(Problem to solve): Work out how many lines of the records hold the string "fixes", and reply with that number alone.

Records excerpted from a collection
lemma cos_rational_of_integer_multiples:
  fixes \<theta> \<rho> :: real and m1 m2 mj :: int
  assumes "0 < \<theta>" "\<theta> < pi / 4"
    and c1: "cos \<theta> = \<rho> * of_int m1" and c2: "cos (2 * \<theta>) = \<rho> * of_int m2"
    and "j = 3 \<or> j = 4" and cj: "cos (real j * \<theta>) = \<rho> * of_int mj"
  shows "cos \<theta> \<in> \<rat>"
proof -
  have "0 < cos (2 * \<theta>)"
    using assms(1,2) by (intro cos_gt_zero) simp_all
  moreover have "cos (2 * \<theta>) < cos \<theta>"
    using assms(1,2) by (intro cos_monotone_0_pi) simp_all
  ultimately have "cos \<theta> \<noteq> 0" "cos (2 * \<theta>) \<noteq> 0" "(cos (2 * \<theta>))\<^sup>2 \<noteq> (cos \<theta>)\<^sup>2"
    by (auto dest: power_strict_mono[of _ _ 2])
  from assms(5) have "\<rho> \<in> \<rat>"
  proof
    assume "j = 3"
    then have "cos (3 * \<theta>) = \<rho> * of_int mj"
      using cj by simp
    then show ?thesis
      by (rule rational_of_cos_multiples_123[OF \<open>cos \<theta> \<noteq> 0\<close> \<open>cos (2 * \<theta>) \<noteq> 0\<close> c1 c2])
  next
    assume "j = 4"
    then have "cos (4 * \<theta>) = \<rho> * of_int mj"
      using cj by simp
    then show ?thesis
      by (rule rational_of_cos_multiples_124[OF \<open>(cos (2 * \<theta>))\<^sup>2 \<noteq> (cos \<theta>)\<^sup>2\<close> c1 c2])
  qed
  then show ?thesis
    unfolding c1 by simp
qed

lemma not_dvd_mult_diff:
  fixes n x k :: nat
  assumes "\<not> n dvd x * k" "k \<le> n"
  shows "\<not> n dvd x * (n - k)"
proof
  assume "n dvd x * (n - k)"
  then have "n dvd x * n - x * (n - k)"
    by (simp add: dvd_diff_nat)
  moreover have "x * n - x * (n - k) = x * k"
    using assms(2) by (simp add: diff_mult_distrib2)
  ultimately show False
    using assms(1) by simp
qed

lemma not_dvd_small_multiples:
  fixes n x :: nat
  assumes "0 < x" "x < n" "2 * x \<noteq> n"
  shows "\<not> n dvd x * 1" "\<not> n dvd x * 2" "\<not> n dvd x * 3 \<or> \<not> n dvd x * 4"
proof -
  show "\<not> n dvd x * 1"
    using assms by (auto dest: dvd_imp_le)
  show "\<not> n dvd x * 2"
  proof
    assume "n dvd x * 2"
    then obtain q where q: "x * 2 = n * q"
      by blast
    have "n * q < n * 2"
      using q assms(2) by linarith
    then have "q < 2"
      by simp
    moreover have "q \<noteq> 0"
    proof
      assume "q = 0"
      with q assms(1) show False
        by simp
    qed
    ultimately have "q = 1"
      by simp
    then show False
      using q assms(3) by simp
  qed
  show "\<not> n dvd x * 3 \<or> \<not> n dvd x * 4"
  proof (rule ccontr)
    assume "\<not> ?thesis"
    then have "n dvd x * 4 - x * 3"
      by (intro dvd_diff_nat) auto
    then have "n dvd x"
      by simp
    then show False
      using assms by (auto dest: dvd_imp_le)
  qed
qed

section \<open>Spectrum of the signless Laplacian of the path\<close>

definition path_plus_laplacian :: "nat \<Rightarrow> nat \<Rightarrow> nat \<Rightarrow> real" where
  "path_plus_laplacian n i j =
     (if i = j then real (degree n (path_adj n) i) else 0) + (if path_adj n i j then 1 else 0)"

lemma unsigned_laplacian_path: "unsigned_laplacian n (path_adj n) i j = of_real (path_plus_laplacian n i j)"
  by (simp add: unsigned_laplacian_def path_plus_laplacian_def)

lemma path_plus_laplacian_sym: "path_plus_laplacian n i j = path_plus_laplacian n j i"
  by (auto simp: path_plus_laplacian_def path_adj_def)

lemma path_neighbours:
  "i < n \<Longrightarrow> {j. j < n \<and> path_adj n i j} =
     (if 0 < i then {i - 1} else {}) \<union> (if i + 1 < n then {i + 1} else {})"
  by (auto simp: path_adj_def)

lemma degree_path_adj:
  "i < n \<Longrightarrow> degree n (path_adj n) i = (if 0 < i then 1 else 0) + (if i + 1 < n then 1 else 0)"
  unfolding degree_def by (subst path_neighbours) (auto simp: card_insert_if)

lemma path_plus_laplacian_diag:
  "i < n \<Longrightarrow> path_plus_laplacian n i i = (if 0 < i then 1 else 0) + (if i + 1 < n then 1 else 0)"
  by (simp add: path_plus_laplacian_def degree_path_adj path_adj_def)

lemma path_plus_laplacian_off_diag: "i \<noteq> j \<Longrightarrow> path_plus_laplacian n i j = (if path_adj n i j then 1 else 0)"
  by (simp add: path_plus_laplacian_def)

lemma path_plus_laplacian_mult:
  assumes "i < n"
  shows "(\<Sum>l<n. path_plus_laplacian n i l * f l) =
           (if 0 < i then f i + f (i - 1) else 0) + (if i + 1 < n then f i + f (i + 1) else 0)"
proof -
  have "(\<Sum>l<n. path_plus_laplacian n i l * f l)
          = real (degree n (path_adj n) i) * f i + sum f {l. l < n \<and> path_adj n i l}"
    using assms
    by (simp add: path_plus_laplacian_def distrib_right sum.distrib if_distrib[where f="\<lambda>a. a * _"]
        sum.If_cases Int_def lessThan_def conj_commute cong: if_cong)
  also have "\<dots> = (if 0 < i then f i + f (i - 1) else 0) + (if i + 1 < n then f i + f (i + 1) else 0)"
    using assms by (subst path_neighbours) (auto simp: degree_path_adj algebra_simps)
  finally show ?thesis .
qed

text \<open>The signless Laplacian of the bipartite graph \<open>P\<^sub>n\<close> is conjugate to its Laplacian by the
  sign change \<open>(-1)\<^sup>i\<close>, and these are the conjugated cosine eigenvectors of the latter. Letting
  \<open>k\<close> range over \<open>{..<2*n}\<close> lists every eigenvector twice (up to sign; \<open>path_eigvec n n = 0\<close>),
  but turns the orthogonality relations into sums over all \<open>2n\<close>-th roots of unity.\<close>

definition path_eigvec :: "nat \<Rightarrow> nat \<Rightarrow> nat \<Rightarrow> real" where
  "path_eigvec n k i = (-1) ^ i * cos (real k * (2 * real i + 1) * pi / (2 * real n))"

definition path_eigval :: "nat \<Rightarrow> nat \<Rightarrow> real" where
  "path_eigval n k = 2 - 2 * cos (real k * pi / real n)"

lemma path_eigvec_neighbours:
  fixes i n k :: nat
  assumes "i < n"
  defines "X \<equiv> real k * (2 * real i + 1) * pi / (2 * real n)" and "h \<equiv> real k * pi / real n"
  shows "(if 0 < i then path_eigvec n k i + path_eigvec n k (i - 1) else 0) = (-1) ^ i * (cos X - cos (X - h))"
    and "(if i + 1 < n then path_eigvec n k i + path_eigvec n k (i + 1) else 0) = (-1) ^ i * (cos X - cos (X + h))"
proof -
  have n_pos: "0 < real n"
    using assms by simp
  have angle_shift: "path_eigvec n k j = (-1) ^ j * cos (X + (real j - real i) * h)" for j
    unfolding path_eigvec_def X_def h_def using n_pos by (simp add: field_simps)
  show "(if 0 < i then path_eigvec n k i + path_eigvec n k (i - 1) else 0) = (-1) ^ i * (cos X - cos (X - h))"
  proof (cases i)
    case 0
    then have "X - h = - X"
      unfolding X_def h_def using n_pos by (simp add: field_simps)
    then have "cos (X - h) = cos X"
      by (simp only: cos_minus)
    then show ?thesis
      using 0 by simp
  qed (simp add: angle_shift algebra_simps)
  show "(if i + 1 < n then path_eigvec n k i + path_eigvec n k (i + 1) else 0) = (-1) ^ i * (cos X - cos (X + h))"
  proof (cases "i + 1 < n")
    case False
    then have i_eq: "real i = real n - 1"
      using assms by simp
    have "X + h = real k * pi + h / 2" and "X = real k * pi - h / 2"
      unfolding X_def h_def i_eq using n_pos by (simp_all add: field_simps)
    then have "cos (X + h) = cos X"
      by (simp add: cos_add cos_diff)
    then show ?thesis
      using False by simp
  qed (simp add: angle_shift algebra_simps)
qed

lemma path_eigvec_eigen:
  assumes "i < n"
  shows "(\<Sum>l<n. path_plus_laplacian n i l * path_eigvec n k l) = path_eigval n k * path_eigvec n k i"
proof -
  define X where "X = real k * (2 * real i + 1) * pi / (2 * real n)"
  define h where "h = real k * pi / real n"
  have cos_X_h: "cos (X - h) = 2 * cos X * cos h - cos (X + h)"
    by (simp add: cos_add cos_diff)
  have eigvec: "path_eigvec n k i = (-1) ^ i * cos X"
    by (simp add: path_eigvec_def X_def)
  have eigval: "path_eigval n k = 2 - 2 * cos h"
    by (simp add: path_eigval_def h_def)
  show ?thesis
    unfolding path_plus_laplacian_mult[OF assms] path_eigvec_neighbours[OF assms, of k, folded X_def h_def]
    unfolding eigvec eigval cos_X_h by (simp add: algebra_simps)
qed

lemma path_eigvec_product:
  assumes "0 < n"
  shows "2 * (path_eigvec n k i * path_eigvec n k j)
           = (-1) ^ (i + j) * (cos (real k * (2 * pi * of_int (int i - int j) / real (2 * n)))
                               + cos (real k * (2 * pi * of_int (int (i + j + 1)) / real (2 * n))))"
proof -
  define x where "x = real k * (2 * real i + 1) * pi / (2 * real n)"
  define y where "y = real k * (2 * real j + 1) * pi / (2 * real n)"
  have diff: "x - y = real k * (2 * pi * of_int (int i - int j) / real (2 * n))"
    and sum: "x + y = real k * (2 * pi * of_int (int (i + j + 1)) / real (2 * n))"
    unfolding x_def y_def using assms by (simp_all add: field_simps)
  have "2 * (path_eigvec n k i * path_eigvec n k j) = (-1) ^ (i + j) * (2 * (cos x * cos y))"
    by (simp add: path_eigvec_def x_def y_def power_add)
  also have "2 * (cos x * cos y) = cos (x - y) + cos (x + y)"
    by (simp add: cos_times_cos)
  finally show ?thesis
    by (simp only: diff sum)
qed

lemma path_eigvec_orthogonal:
  assumes "i < n" "j < n"
  shows "(\<Sum>k<2 * n. path_eigvec n k i * path_eigvec n k j) = (if i = j then real n else 0)"
proof -
  define cos_sum where "cos_sum m = (\<Sum>k<2 * n. cos (real k * (2 * pi * of_int m / real (2 * n))))"
    for m :: int
  have "2 * (\<Sum>k<2 * n. path_eigvec n k i * path_eigvec n k j)
          = (-1) ^ (i + j) * (cos_sum (int i - int j) + cos_sum (int (i + j + 1)))"
    using path_eigvec_product[of n] assms
    by (simp only: cos_sum_def sum_distrib_left sum.distrib distrib_left)
  moreover have "cos_sum (int (i + j + 1)) = 0"
    unfolding cos_sum_def using assms by (intro sum_cos_roots_of_unity) (auto dest: zdvd_imp_le)
  moreover have "cos_sum (int i - int j) = (if i = j then 2 * real n else 0)"
  proof (cases "i = j")
    case False
    then have "\<not> int (2 * n) dvd int i - int j"
      using assms dvd_imp_le_int[of "int i - int j" "int (2 * n)"] by auto
    then have "cos_sum (int i - int j) = 0"
      unfolding cos_sum_def by (rule sum_cos_roots_of_unity)
    then show ?thesis
      using False by simp
  qed (simp add: cos_sum_def)
  ultimately show ?thesis
    by auto
qed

(Exercise solution): 4